Repository files to read first

Read composio-skills/textrazor-automation/SKILL.md first; it contains the prerequisites, setup sequence, and the core workflow pattern. There are no extra scripts/, resources/, references/, or metadata.json files in this skill folder, so the install decision mainly depends on whether the SKILL.md pattern matches your MCP and Textrazor workflow.

textrazor-automation skill FAQ

Is textrazor-automation a Textrazor API client?

No. The textrazor-automation skill is a Claude skill that guides an agent to use Composio’s Textrazor toolkit through Rube MCP. It does not replace Textrazor’s own API documentation or provide a local SDK. Its value is orchestration: discover tools, verify connection, adapt to schemas, and run the right operation.

When should I use it instead of an ordinary prompt?

Use it when the agent has access to Rube MCP and must call real Textrazor tools. A generic prompt may hallucinate parameter names or assume old schemas. This skill explicitly instructs the agent to call RUBE_SEARCH_TOOLS first, which is the safer path when tool definitions and required inputs are supplied dynamically.

Is it beginner-friendly?

It is beginner-friendly if your client already supports MCP and you can add the Rube endpoint.

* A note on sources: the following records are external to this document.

(* Assume [LJ1]–[LJ4] and additionally $J_1(\gamma)<0$, $J_2(\gamma)<0$, $J_2(\delta_1)<0$. Then: (i) $\tilde B_{IFJ}(n,1)=-J_0(\gamma)$ for all $n\in\{1,2,\dots\}\cup\{+\infty\}$; (ii) $\tilde B_{IFJ}(1,k)=B(\gamma)-\frac32J_0(\gamma)$ for all $k\in\{2,3,\dots\}\cup\{+\infty\}$; (iii) $\tilde B_{IFJ}(n,k)=B_{AIF}(n)$ for all $n,k\in\{2,3,\dots\}\cup\{+\infty\}$.
   Context: Potentials: $J_1,J_2:\mathbb R\to(-\infty,+\infty]$; $J_{CB}:=J_1+J_2$; $J_0(z):=J_2(z)+\frac12\inf\{J_1(z_1)+J_1(z_2):z_1+z_2=2z\}$; $J_0^{**}$ is the convex lower semicontinuous envelope of $J_0$. Hypotheses: [LJ1] $\{z:J_0(z)=J_0^{**}(z)\}\cap\{z:J_0\text{ is affine in a neighbourhood of }z\}=\emptyset$. [LJ2] for every $z$ with $J_0(z)=J_0^{**}(z)$, the set $\{(z_1,z_2):z_1+z_2=2z,\ J_0(z)=J_2(z)+\frac12(J_1(z_1)+J_1(z_2))\}$ has exactly one element. [LJ3] $J_1,J_2$ are $C^{1,\alpha}$ on their domains for some $0<\alpha\le1$, $J_0$ is $C^1$ on its domain, $\operatorname{dom}J_1=\operatorname{dom}J_2\supset(0,+\infty)$, $\lim_{z\to+\infty}J_j(z)=0$ ($j=1,2$) and $\lim_{z\to+\infty}J_0(z)=:J_0(+\infty)\in\mathbb R$. [LJ4] there is a convex $\Psi:\mathbb R\to[0,+\infty]$ with $\lim_{z\to-\infty}\Psi(z)/|z|=+\infty$ and constants $c_1,c_2>0$ with $c_1(\Psi(z)-1)\le J_j(z)\le c_2\max\{\Psi(z),|z|\}$ for all $z\in\mathbb R$, $j=1,2$; there are $\delta_1,\delta_2,\gamma>0$ with $\{\delta_j\}=\operatorname{argmin}J_j$ and $\{\gamma\}=\operatorname{argmin}J_0$; $J_j$ is strictly convex on $(-\infty,\delta_j)\cap\operatorname{dom}J_j$; $J_0(\gamma)<J_0(+\infty)$; and $J_0(z)=J_0^{**}(z)$ for all $z\le\gamma$. Boundary layer energies (with $\mathbb N=\{0,1,2,\dots\}$): $B(\gamma):=\inf_{N\in\mathbb N}\min\{\frac12J_1(v^1-v^0)+\sum_{i\ge0}[J_2(\frac{v^{i+2}-v^i}{2})+\frac12J_1(v^{i+2}-v^{i+1})+\frac12J_1(v^{i+1}-v^i)-J_0(\gamma)]:v:\mathbb N\to\mathbb R,\ v^0=0,\ v^{i+1}-v^i=\gamma\ \forall i\ge N\}$; for $m\in\mathbb N$, $B_{IF}(m):=\inf_{k\in\mathbb N}\min\{\frac12J_1(v^1-v^0)+\sum_{i=0}^{k-1}[J_2(\frac{v^{i+2}-v^i}{2})+\frac12J_1(v^{i+2}-v^{i+1})+\frac12J_1(v^{i+1}-v^i)-J_0(\gamma)]+\frac{2m+1}{2}(J_{CB}(v^{k+1}-v^k)-J_0(\gamma)):v:\mathbb N\to\mathbb R,\ v^0=0\}$, and $B_{IF}(+\infty):=B(\gamma)$; for $n\in\{1,2,\dots\}\cup\{+\infty\}$, $B_{AIF}(n):=B_{IF}(n-1)+B(\gamma)-2J_0(\gamma)$ (with $+\infty-1=+\infty$); for $n,k\in\{1,2,\dots\}\cup\{+\infty\}$, $\tilde B_{IFJ}(n,k):=\min\{B_{AIF}(n),\,B(\gamma)-(\frac12+n)J_0(\gamma),\,-kJ_0(\gamma)\}$. *)

theory Defs
  imports "HOL-Analysis.Analysis"
begin

text \<open>Potentials are maps real \<Rightarrow> ereal that never take the value minus infinity.\<close>

definition edom :: "(real \<Rightarrow> ereal) \<Rightarrow> real set" where
  "edom J = {z. J z < \<infinity>}"

definition J0 :: "(real \<Rightarrow> ereal) \<Rightarrow> (real \<Rightarrow> ereal) \<Rightarrow> real \<Rightarrow> ereal" where
  "J0 J1 J2 z = J2 z + ereal (1/2) *
     (INF p \<in> {p :: real \<times> real. fst p + snd p = 2 * z}. J1 (fst p) + J1 (snd p))"

definition JCB :: "(real \<Rightarrow> ereal) \<Rightarrow> (real \<Rightarrow> ereal) \<Rightarrow> real \<Rightarrow> ereal" where
  "JCB J1 J2 z = J1 z + J2 z"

Beginners should still understand that there are two setup layers: the Rube MCP server must be available, and the Textrazor connection inside Rube must be active. Without both, the skill cannot complete real Textrazor actions.

When is this skill a poor fit?

Avoid this skill if you need offline NLP, a non-MCP integration, a full application template, or extensive sample code. It is also not ideal if your workflow needs deterministic local tests before deployment, because the repository does not include scripts or fixtures. In those cases, combine direct Textrazor API integration with your own test suite.

How to Improve textrazor-automation skill

Improve prompts for textrazor-automation results

The fastest improvement is to make prompts schema-aware and outcome-specific. Instead of asking for “Textrazor analysis,” specify the document type, analysis purpose, acceptable output format, and how failures should be handled. For example, request: “If the discovered tool does not support sentiment, skip it and include unsupported_capabilities rather than inventing a value.”

Reduce common failure modes

Most failures come from skipping discovery, using an inactive connection, or giving text without a clear downstream decision. Require the agent to report the discovered tool schema before execution. For production-like workflows, also ask it to preserve source IDs so each Textrazor result can be mapped back to the original document.

Iterate after the first output

After the first run, inspect whether the returned entities, topics, categories, or other available fields are too broad, too verbose, or missing confidence context. Then refine the prompt with filtering rules such as minimum relevance, allowed entity types, language assumptions, or a fixed JSON schema. This turns textrazor-automation from a one-off tool call into a repeatable automation step.

Extend the skill for your environment

Because the upstream skill is intentionally minimal, teams can improve it by adding local examples, saved prompt templates, validation rules, or post-processing instructions. Useful additions include a sample ticket-routing workflow, a content-tagging schema, batch-processing guidance, and organization-specific rules for storing or redacting analyzed text before sending it through Textrazor.